[Start of section]

(* For $|q|<1$ and nonzero complex $z$ (with the expressions defined), \begin{align*} S_{F3}(z,q)&=\frac{(zq,z^{-1}q,q^2;q^2)_\infty}{(z,z^{-1},q;q^2)_\infty}-\frac{(q;q)_\infty}{(z,z^{-1};q^2)_\infty},\\ S_{G4}(z,q)&=\frac{z(-z^{-1}q,-zq^3,q^4;q^4)_\infty}{(1+z)(z,z^{-1};q^2)_\infty}+\frac{(-zq,-z^{-1}q^3,q^4;q^4)_\infty}{(1+z)(z,z^{-1};q^2)_\infty}-\frac{(q^2;q^2)_\infty}{(q,z,z^{-1};q^2)_\infty},\\ S_{AG4}(z,q)&=\frac{z(-zq,-z^{-1}q^3,q^4;q^4)_\infty}{(1+z)(z,z^{-1};q^2)_\infty}+\frac{(-z^{-1}q,-zq^3,q^4;q^4)_\infty}{(1+z)(z,z^{-1};q^2)_\infty}-\frac{(q^2;q^2)_\infty}{(q,z,z^{-1};q^2)_\infty}. \end{align*}
   Context: Notation: $(z;q)_n=\prod_{j=0}^{n-1}(1-zq^j)$, $(z;q)_\infty=\prod_{j\ge0}(1-zq^j)$, $(z_1,\dots,z_k;q)_n=(z_1;q)_n\cdots(z_k;q)_n$ (also for $n=\infty$). Define \begin{align*} S_{F3}(z,q)&=\frac{(q;q)_\infty}{(z,z^{-1};q^2)_\infty}\sum_{n=1}^\infty\frac{(z,z^{-1};q^2)_nq^n}{(q;q)_{2n}},\\ S_{G4}(z,q)&=\frac{(q^4;q^4)_\infty(-q;q^2)_\infty}{(z,z^{-1};q^2)_\infty}\sum_{n=1}^\infty\frac{(z,z^{-1};q^2)_n(-1)^nq^{n^2+2n}}{(q^4;q^4)_n(-q;q^2)_n},\\ S_{AG4}(z,q)&=\frac{(q^4;q^4)_\infty(-q;q^2)_\infty}{(z,z^{-1};q^2)_\infty}\sum_{n=1}^\infty\frac{(z,z^{-1};q^2)_n(-1)^nq^{n^2}}{(q^4;q^4)_n(-q;q^2)_n}. \end{align*} *)

theory Defs
  imports "HOL-Analysis.Analysis"
begin

definition qpoch :: "complex \<Rightarrow> complex \<Rightarrow> nat \<Rightarrow> complex" where
  "qpoch z q n = (\<Prod>j<n. 1 - z * q ^ j)"

definition qpoch_inf :: "complex \<Rightarrow> complex \<Rightarrow> complex" where
  "qpoch_inf z q = (\<Prod>j. 1 - z * q ^ j)"

definition S_F3 :: "complex \<Rightarrow> complex \<Rightarrow> complex" where
  "S_F3 z q = qpoch_inf q q / (qpoch_inf z (q^2) * qpoch_inf (inverse z) (q^2)) *
     (\<Sum>n. if n = 0 then 0 else
        qpoch z (q^2) n * qpoch (inverse z) (q^2) n * q ^ n / qpoch q q (2 * n))"

definition S_G4 :: "complex \<Rightarrow> complex \<Rightarrow> complex" where
  "S_G4 z q = qpoch_inf (q^4) (q^4) * qpoch_inf (-q) (q^2)
       / (qpoch_inf z (q^2) * qpoch_inf (inverse z) (q^2)) *
     (\<Sum>n. if n = 0 then 0 else
        qpoch z (q^2) n * qpoch (inverse z) (q^2) n * (-1) ^ n * q ^ (n^2 + 2*n)
          / (qpoch (q^4) (q^4) n * qpoch (-q) (q^2) n))"

definition S_AG4 :: "complex \<Rightarrow> complex \<Rightarrow> complex" where
  "S_AG4 z q = qpoch_inf (q^4) (q^4) * qpoch_inf (-q) (q^2)
       / (qpoch_inf z (q^2) * qpoch_inf (inverse z) (q^2)) *
     (\<Sum>n. if n = 0 then 0 else
        qpoch z (q^2) n * qpoch (inverse z) (q^2) n * (-1) ^ n * q ^ (n^2)
          / (qpoch (q^4) (q^4) n * qpoch (-q) (q^2) n))"

end

theory Submission
  imports Defs
begin

text \<open>
  All three sums are series of the shape sum_n a_n x^n / (x;p)_n. For the coefficients
  (z;p)_n (1/z;p)_n / (p;p)_n such a series satisfies the q-difference equation
  (1 - x)^2 F(x) = (1 - xz)(1 - x/z) F(px), and for (b;p)_n (p/b;p)_n p^(n(n-1)/2) / (p^2;p^2)_n
  it satisfies (1 - x)(1 - xp) F(x) = (1 - xp/b)(1 - bx) F(p^2 x); in both cases the difference
  of the two sides telescopes termwise. Iterating the equation towards x = 0, where F tends to
  a_0 = 1, evaluates F(x) as an infinite product. S_F3 is the first sum at p = q^2, x = q.
  For S_G4 and S_AG4 the splitting
  (1 + z) (z;p)_n (1/z;p)_n = z (z;p)_n (p/z;p)_n + (1/z;p)_n (pz;p)_n  (and its variant with an
  extra factor p^n) reduces the sum to two instances of the second sum at p = q^2, x = -q.
\<close>

lemma qpoch_0 [simp]: "qpoch x p 0 = 1"
  by (simp add: qpoch_def)

lemma qpoch_Suc: "qpoch x p (Suc n) = qpoch x p n * (1 - x * p ^ n)"
  by (simp add: qpoch_def)

lemma qpoch_shift: "qpoch (x * p) p n * (1 - x) = qpoch x p n * (1 - x * p ^ n)"
proof (induction n)
  case (Suc n)
  have "qpoch (x * p) p (Suc n) * (1 - x) = qpoch (x * p) p n * (1 - x) * (1 - x * p ^ Suc n)"
    by (simp add: qpoch_Suc mult_ac)
  also have "\<dots> = qpoch x p (Suc n) * (1 - x * p ^ Suc n)"
    by (simp add: Suc qpoch_Suc)
  finally show ?case .
qed simp

lemma qpoch_one_Suc: "qpoch 1 p (Suc n) = 0"
  by (induction n) (simp_all add: qpoch_Suc)

lemma norm_mult_power_less_one:
  fixes x p :: complex
  assumes "norm x < 1" "norm p \<le> 1"
  shows "norm (x * p ^ j) < 1"
proof -
  have "norm x * norm p ^ j \<le> norm x"
    using assms(2) by (simp add: mult_left_le power_le_one)
  then show ?thesis
    using assms(1) by (simp add: norm_mult norm_power)
qed

lemma one_minus_mult_power_neq_0:
  fixes x p :: complex
  assumes "norm x < 1" "norm p \<le> 1"
  shows "1 - x * p ^ j \<noteq> 0"
  using norm_mult_power_less_one[OF assms, of j] by auto

lemma qpoch_neq_0:
  fixes x p :: complex
  assumes "norm x < 1" "norm p \<le> 1"
  shows "qpoch x p n \<noteq> 0"
  using one_minus_mult_power_neq_0[OF assms] by (simp add: qpoch_def)

lemma convergent_prod_qpoch:
  fixes x p :: complex
  assumes "norm p < 1"
  shows "convergent_prod (\<lambda>j. 1 - x * p ^ j)"
proof -
  have "summable (\<lambda>j. norm x * norm p ^ j)"
    using assms by (intro summable_mult summable_geometric) auto
  then have "summable (\<lambda>j. norm ((1 - x * p ^ j) - 1))"
    by (simp add: norm_mult norm_power)
  then show ?thesis
    by (intro abs_convergent_prod_imp_convergent_prod summable_imp_abs_convergent_prod)
qed

lemma qpoch_LIMSEQ:
  assumes "norm p < 1"
  shows "(\<lambda>n. qpoch x p n) \<longlonglongrightarrow> qpoch_inf x p"
proof -
  have "(\<lambda>n. qpoch x p (Suc n)) \<longlonglongrightarrow> qpoch_inf x p"
    using convergent_prod_LIMSEQ[OF convergent_prod_qpoch[OF assms]]
    by (simp add: qpoch_def qpoch_inf_def lessThan_Suc_atMost)
  then show ?thesis
    by (rule LIMSEQ_imp_Suc)
qed

lemma qpoch_LIMSEQ_double:
  assumes "norm p < 1"
  shows "(\<lambda>n. qpoch x p (2 * n)) \<longlonglongrightarrow> qpoch_inf x p"
proof -
  have "strict_mono (\<lambda>n::nat. 2 * n)"
    by (auto simp: strict_mono_def)
  from LIMSEQ_subseq_LIMSEQ[OF qpoch_LIMSEQ[OF assms] this] show ?thesis
    by (simp add: o_def)
qed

[End of section]

Assignment
Show every line of the material that includes the string "lambda".

Exercise output
  shows "convergent_prod (\<lambda>j. 1 - x * p ^ j)"
  have "summable (\<lambda>j. norm x * norm p ^ j)"
  then have "summable (\<lambda>j. norm ((1 - x * p ^ j) - 1))"
  shows "(\<lambda>n. qpoch x p n) \<longlonglongrightarrow> qpoch_inf x p"
  have "(\<lambda>n. qpoch x p (Suc n)) \<longlonglongrightarrow> qpoch_inf x p"
  shows "(\<lambda>n. qpoch x p (2 * n)) \<longlonglongrightarrow> qpoch_inf x p"
  have "strict_mono (\<lambda>n::nat. 2 * n)"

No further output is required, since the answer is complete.